You have to excise a lot of your rough draft before you have a decent second draft, but don’t delete those scenes, characters, and descriptions completely. Some of them can form the core of other books. As your fan base builds, you can also release “cutting room floor” volumes with almost no extra work.

Don’t Forget Act Structure

Act structure helps you write books, and can also help you write lots of books. If your different volumes each complete an act of the full story told in a series, readers will find each ending satisfying. Just remember: you can always end acts on cliffhangers.

Do Find Crossover Potential

When you have multiple books or series, find ways to introduce elements of one into the other. Have the main character from series A do a cameo in series B, or put a villain in all of your series, facing off against each of your heroes in turn. This will help encourage your readers to get excited about everything you release. 
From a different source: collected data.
(* $\mathtt{normal}$-$\mathtt{pred}$-$\mathtt{ESO}$-$\mathtt{HORN}\subseteq\mathtt{RealTime_{OIA}}$: for every normalized predecessor Horn formula $\Phi$ there is a one-way iterative array $\mathcal A$ accepting in real time exactly the words $w\in\Sigma^+$ with $\langle w\rangle\models\Phi$.
   Context: Fix a finite alphabet $\Sigma$. A nonempty word $w=w_1\cdots w_n$ is represented by the structure $\langle w\rangle=([1,n];(Q_s)_{s\in\Sigma},\mathtt{min},\mathtt{max},\mathtt{suc},\mathtt{pred})$ with $Q_s(i)\iff w_i=s$, $\mathtt{min}(i)\iff i=1$, $\mathtt{max}(i)\iff i=n$, $\mathtt{suc}(i)=\min(i+1,n)$, $\mathtt{pred}(i)=\max(i-1,1)$; $x-1=\mathtt{pred}(x)$. A normalized predecessor Horn formula is $\Phi=\exists\mathbf{R}\forall x\forall y\,\psi(x,y)$, with $\mathbf{R}$ a finite set of binary relation symbols and $\psi$ a conjunction of clauses each of one of the forms: input clauses $\mathtt{min}(x)\wedge\mathtt{min}(y)\wedge Q_s(y)\to R(x,y)$ or $\mathtt{min}(x)\wedge\neg\mathtt{min}(y)\wedge Q_s(y)\to R(x,y)$ ($s\in\Sigma$, $R\in\mathbf{R}$); the contradiction clause $\mathtt{max}(x)\wedge\mathtt{max}(y)\wedge R_\bot(x,y)\to\bot$ for a fixed $R_\bot\in\mathbf{R}$; computation clauses $\delta_1\wedge\cdots\wedge\delta_r\to R(x,y)$ with $R\in\mathbf{R}$ and each $\delta_i$ a conjunction $S(x-1,y)\wedge\neg\mathtt{min}(x)$ or $S(x,y-1)\wedge\neg\mathtt{min}(y)$, $S\in\mathbf{R}$. $\mathtt{normal}$-$\mathtt{pred}$-$\mathtt{ESO}$-$\mathtt{HORN}$ is the class of languages $\{w\in\Sigma^+:\langle w\rangle\models\Phi\}$ for such $\Phi$. A one-way iterative array (OIA) is a cellular automaton with finite state set $Q$, accepting states $Q_{accept}\subseteq Q$, neighborhood $\{-1,0\}$, transition function $\delta:Q^2\to Q$, and an input transition function $\delta_{input}$ for the first cell. On input $w=w_1\cdots w_n$ it uses cells $1,\dots,n$; cells outside are permanently in a state $\sharp$, cells not yet reached by information are in a quiescent state $\lambda$. Input is sequential: the letter $w_i$ is given to cell $1$ at time $i$ (the new state of cell 1 at time $i\le n$ is computed by $\delta_{input}$ from $w_i$ and the previous states); other cells are updated by $\langle c,t\rangle=\delta(\langle c-1,t-1\rangle,\langle c,t-1\rangle)$. The output cell is cell $n$, and $w$ is accepted in real time iff $\langle n,2n-1\rangle\in Q_{accept}$ (the first time at which cell $n$ has received information from all letters). $\mathtt{RealTime_{OIA}}$ is the class of languages so accepted. *)

theory Defs
  imports Main
begin

text \<open>A nonempty word w (a list) has domain positions 1..length w;
  position i carries letter w ! (i - 1).\<close>

definition w_Q :: "'a list \<Rightarrow> 'a \<Rightarrow> nat \<Rightarrow> bool" where
  "w_Q w s i \<longleftrightarrow> w ! (i - 1) = s"

definition w_min :: "nat \<Rightarrow> bool" where
  "w_min i \<longleftrightarrow> i = 1"

definition w_max :: "'a list \<Rightarrow> nat \<Rightarrow> bool" where
  "w_max w i \<longleftrightarrow> i = length w"

definition w_pred :: "nat \<Rightarrow> nat" where
  "w_pred i = max (i - 1) 1"

text \<open>An atom of a computation clause: PredX S stands for S(x-1,y) and not min(x);
  PredY S stands for S(x,y-1) and not min(y).\<close>
datatype 'r hatom = PredX 'r | PredY 'r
Don’t Close Every Line in Every Book

Resist the temptation to answer every question, defeat every adversary, and close every loop in each book you write. Instead, use those open questions as the foundations of further volumes. It will help you keep readers engaged and give you more ideas. 

One Last Little Thing

I’ve seen this mistake often enough I feel the need to point it out even though you, of course, would never make it in a million years. 

Some writers relax on quality when they write short. They feel the story doesn’t need to be taken as seriously, because it’s shorter. Or it’s incomplete anyway, so why bother?

Never make this mistake. You are asking readers to buy more books from you, more often. If you give them an excuse to stop, they will. Remember the old adage: a novelist is a failed short story writer, and a short story writer is a failed poet. It takes extra skill, not less attention, to write the short form well. Give it all you have.